A window to Indian sensibilities around sustainable practices, Vaishali S’s new flagship store interiors are an intracultural homecoming that brings a raw essence to the room.

Within the doors and windows of the reminiscent interiors are held narrative allegories of rebirth. Vaishali S built this store much like her eponymous label, with scrupulous detailing and a personal touch to each sculptural silhouette.

Doors from the abandoned dumping grounds of Saki Naka and Jogeshwari picked to give these pieces of wood meaning again, transform the unpurposed slabs into a layered family of benches, doors and window frames is a responsible effort that draws tenacity to the store.

To glimpse through the kaleidoscope of these stories would be akin to an autobiography of the store doors:

‘I remember everything. Every single family that has made its humble abode within my confines, and the tear as I was pulled away from my ancestral home. The bumps of the truck dislodged me, and there I was, stripped of all meaning, lying at the bottom of a dumping ground.

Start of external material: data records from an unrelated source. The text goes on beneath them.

(* Let $\mathbf X$ be uniformly distributed on $[0,1]^d$ with $\|Y\|_\infty<\infty$, let $K\ge2$, $\gamma_2>0$ and $\gamma_1\ge e/2$. For every fixed binary axis-aligned tree with $K$ leaves (as in the context), $$\int_{[0,1]^d}\big|f_{\lambda^\star}(\mathbf x)-t_{\lambda^\star}(\mathbf x)\big|^2\mu(d\mathbf x)\le2\|Y\|_\infty^2K^2\Big(e^{-2\gamma_2}+\frac{\gamma_2^2K^2\log(2\gamma_1)}{\gamma_1}\Big).$$ Consequently the same bound holds for the expectation over any random tree independent of $\mathbf X$.
   Context: $\mu$ is the law of $\mathbf X$. Tree: root $[0,1]^d$; each internal node with cell $A$ and split $(j,\alpha)$, $\alpha\in[0,1]$, has left child $\{\mathbf x\in A:x^{(j)}<\alpha\}$ and right child $\{\mathbf x\in A:x^{(j)}\ge\alpha\}$; leaves $L_1,\dots,L_K$; internal splits $(j_k,\alpha_k)$, $k=1,\dots,K-1$. $\lambda^\star$: $\mathbf W_1^\star\in\mathbb R^{d\times(K-1)}$ with column $k$ the $j_k$-th unit vector, $(\mathbf b_1^\star)_k=-\alpha_k$; $(\mathbf W_2^\star)_{k,k'}=+1$ (resp. $-1$) if split $k$ is on the root-to-$L_{k'}$ path and that path goes to its right (resp. left) child, else $0$; $(\mathbf b_2^\star)_{k'}=-\ell(k')+\frac12$ with $\ell(k')$ the depth of $L_{k'}$; $(\mathbf W^\star_{\rm out})_{k'}=\frac12\mathbb E[Y\mid\mathbf X\in L_{k'}]$, $b^\star_{\rm out}=\frac12\sum_{k'}\mathbb E[Y\mid\mathbf X\in L_{k'}]$. With $\tau(u)=2\mathbf 1_{u\ge0}-1$, $\sigma_i(u)=\tanh(\gamma_iu)$ entrywise: $t_{\lambda^\star}(\mathbf x)=\mathbf W^{\star\top}_{\rm out}\tau(\mathbf W_2^{\star\top}\tau(\mathbf W_1^{\star\top}\mathbf x+\mathbf b_1^\star)+\mathbf b_2^\star)+b^\star_{\rm out}$, $f_{\lambda^\star}(\mathbf x)=\mathbf W^{\star\top}_{\rm out}\sigma_2(\mathbf W_2^{\star\top}\sigma_1(\mathbf W_1^{\star\top}\mathbf x+\mathbf b_1^\star)+\mathbf b_2^\star)+b^\star_{\rm out}$. *)

theory Defs
  imports "HOL-Probability.Probability"
begin

text \<open>Binary axis-aligned tree on [0,1]^d: a node stores the split coordinate j and threshold alpha;
  left child = {x in A. x_j < alpha}, right child = {x in A. x_j >= alpha}.\<close>
datatype 'd tree = Leaf | Node 'd real "'d tree" "'d tree"

fun leaf_paths :: "'d tree \<Rightarrow> ('d \<times> real \<times> bool) list list" where
  "leaf_paths Leaf = [[]]"
| "leaf_paths (Node j a l r) =
     map (\<lambda>p. (j, a, False) # p) (leaf_paths l) @ map (\<lambda>p. (j, a, True) # p) (leaf_paths r)"

definition num_leaves :: "'d tree \<Rightarrow> nat" where
  "num_leaves t = length (leaf_paths t)"

fun thresholds :: "'d tree \<Rightarrow> real list" where
  "thresholds Leaf = []"
| "thresholds (Node j a l r) = a # thresholds l @ thresholds r"

definition valid_tree :: "'d tree \<Rightarrow> bool" where
  "valid_tree t \<longleftrightarrow> (\<forall>a \<in> set (thresholds t). 0 \<le> a \<and> a \<le> 1)"

definition unit_cube :: "(real ^ 'd) set" where
  "unit_cube = {x. \<forall>i. 0 \<le> x $ i \<and> x $ i \<le> 1}"

definition leaf_cell :: "('d \<times> real \<times> bool) list \<Rightarrow> (real ^ 'd) set" where
  "leaf_cell p = {x \<in> unit_cube. \<forall>(j, a, b) \<in> set p. if b then a \<le> x $ j else x $ j < a}"

definition cond_mean :: "'s measure \<Rightarrow> ('s \<Rightarrow> real ^ 'd) \<Rightarrow> ('s \<Rightarrow> real) \<Rightarrow> (real ^ 'd) set \<Rightarrow> real" where
  "cond_mean M X Y L =
     (\<integral>\<omega>. indicator L (X \<omega>) * Y \<omega> \<partial>M) / measure M (X -` L \<inter> space M)"

definition step_act :: "real \<Rightarrow> real" where
  "step_act u = 2 * (if 0 \<le> u then 1 else 0) - 1"

definition tanh_act :: "real \<Rightarrow> real \<Rightarrow> real" where
  "tanh_act g u = tanh (g * u)"

text \<open>The network with parameters lambda* and activations act1, act2, written out:
  the first layer has one unit per internal node k computing act1(x_{j_k} - alpha_k);
  the second layer has one unit per leaf k', computing
  act2(sum over splits on its path of (+-1) * first-layer unit - depth + 1/2);
  output weight for leaf k' is c_{k'}/2 and output bias is (sum c_{k'})/2, with
  c_{k'} = E[Y | X in L_{k'}].\<close>
definition tree_net ::
  "(real \<Rightarrow> real) \<Rightarrow> (real \<Rightarrow> real) \<Rightarrow> (('d \<times> real \<times> bool) list \<Rightarrow> real) \<Rightarrow> 'd tree \<Rightarrow> real ^ 'd \<Rightarrow> real" where
  "tree_net act1 act2 c t x =
     (\<Sum>p\<leftarrow>leaf_paths t. c p / 2 *
        act2 ((\<Sum>s\<leftarrow>p. (case s of (j, a, b) \<Rightarrow> (if b then 1 else -1) * act1 (x $ j - a)))
              - real (length p) + 1 / 2))
     + (\<Sum>p\<leftarrow>leaf_paths t. c p) / 2"
fun net_apply :: "(real \<Rightarrow> real) \<Rightarrow> real \<Rightarrow> layer list \<Rightarrow> (nat \<Rightarrow> real) \<Rightarrow> (nat \<Rightarrow> real)" where
  "net_apply \<sigma> s [] v = v"
| "net_apply \<sigma> s (L # Ls) v = net_apply \<sigma> s Ls (sn_layer \<sigma> s L v)"

definition wf_net :: "nat \<Rightarrow> layer list \<Rightarrow> bool" where
  "wf_net d Ls \<longleftrightarrow> Ls \<noteq> [] \<and>
     fst (snd (hd Ls)) = d \<and> fst (last Ls) = d \<and>
     (\<forall>i. Suc i < length Ls \<longrightarrow> fst (snd (Ls ! Suc i)) = fst (Ls ! i)) \<and>
     (\<forall>L\<in>set Ls. case L of (m, k, G, b) \<Rightarrow> nonzero_mat m k G)"

definition coord :: "nat \<Rightarrow> 'd::finite" where
  "coord = (SOME f. bij_betw f {..<CARD('d)} (UNIV :: 'd set))"

definition to_fun :: "real ^ 'd::finite \<Rightarrow> (nat \<Rightarrow> real)" where
  "to_fun x = (\<lambda>i. if i < CARD('d) then x $ coord i else 0)"

definition of_fun :: "(nat \<Rightarrow> real) \<Rightarrow> real ^ 'd::finite" where
  "of_fun v = (\<chi> j. v (inv_into {..<CARD('d)} coord j))"

definition Ftilde :: "(real \<Rightarrow> real) \<Rightarrow> real \<Rightarrow> layer list \<Rightarrow> real ^ 'd::finite \<Rightarrow> real ^ 'd" where
  "Ftilde \<sigma> s Ls x = of_fun (net_apply \<sigma> s Ls (to_fun x))"

definition is_eigenvalue :: "real ^ 'n ^ 'n \<Rightarrow> complex \<Rightarrow> bool" where
  "is_eigenvalue A mu \<longleftrightarrow>
     (\<exists>v :: complex ^ 'n. v \<noteq> 0 \<and> (\<chi> i j. complex_of_real (A $ i $ j)) *v v = mu *s v)"

end

theory Submission
  imports Defs
begin

text \<open>
  Since \<sigma> is |\<sigma>|-Lipschitz and every normalised weight matrix has spectral norm 1/|\<sigma>|,
  each layer, and hence the network F~, is 1-Lipschitz; so its derivative has operator norm
  at most 1, and every eigenvalue of D F = c I + r D F~ lies in the closed disk of centre c and
  radius r. Because |1 + (1 - \<theta>) z|^2 - |1 - \<theta> z|^2 = 2 Re z + (1 - 2\<theta>) |z|^2, the stability
  region is {2 Re z + (1 - 2\<theta>) |z|^2 < 0}: a disk centred on the negative real axis for
  \<theta> < 1/2, and a set containing the open left half-plane for \<theta> \<ge> 1/2. Either way a disk
  centred on the real axis lies in it as soon as the two real ends c - r and c + r of the disk
  are negative points of it. For the chosen c and r they are, since the values
  w of the inverse stability function on (0, 1) satisfy w < 0 and (1 - 2\<theta>) w > -1.
\<close>

section \<open>The stability region\<close>

lemma norm_stab_less_one:
  assumes "2 * Re z + (1 - 2 * \<theta>) * (cmod z)\<^sup>2 < 0"
  shows "cmod (stab \<theta> z) < 1"
proof (cases "1 - complex_of_real \<theta> * z = 0")
  case True
  then show ?thesis by (simp add: stab_def)
next
  case False
  have "(cmod (1 + complex_of_real (1 - \<theta>) * z))\<^sup>2 < (cmod (1 - complex_of_real \<theta> * z))\<^sup>2"
    using assms unfolding cmod_power2 by (simp add: algebra_simps power2_eq_square)
  then have "cmod (1 + complex_of_real (1 - \<theta>) * z) < cmod (1 - complex_of_real \<theta> * z)"
    by (rule power2_less_imp_less) simp
  with False show ?thesis by (simp add: stab_def norm_divide divide_less_eq)
qed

I didn’t feel sorry for myself, I only felt the loss of a home. This raw emotion settled into my surface for decades like water seeping into crude wood.

Then, I was picked up and brought back to life. As I survey the grandiose of the Kalaghoda precinct, I feel like a humble passenger in the train of life, sitting next to a colonial Englishman smoking a pipe, but I remember everything.

I remember with fondness the families that closed me into their hearts while building a home for themselves. I hope that when you come to visit, you will sense nostalgia in this simple villager in your midst.’

The ancient craft of handloom weaves everything together here, brings back fusion in texture, an orchestra of form. Shaded in copper-bronze, rock, mud, and wood, the color palette of these interiors is an uninterrupted flow of hue, that has come together guided by coincidental intuition.

This dedication to earthen furniture paints a village scene enhanced by mogra garlands that line crude edge surfaces, draped over the ethereal forms of homegrown fabrics. Each piece has a beautiful choreography that naturally coincides with the ensembles and the art. From the chair that has a grandmother’s lap thread loop around its wooden base to the simple handloom threads crisscrossing across space, the atmosphere created is one of nostalgia, but also of rememorizing a childhood home.

Inside the doors of Vaishali S flagship store, this artistic resonance is absorbed into hand-polished cow dung and mud walls. This perspective of keeping the interiors cool is an age-old technique taking root in the concrete city. A wall with repurposed wood turned into lamps kept integral to the unpolished façade; frames the soul of Vaishali S within its intrinsic storytelling.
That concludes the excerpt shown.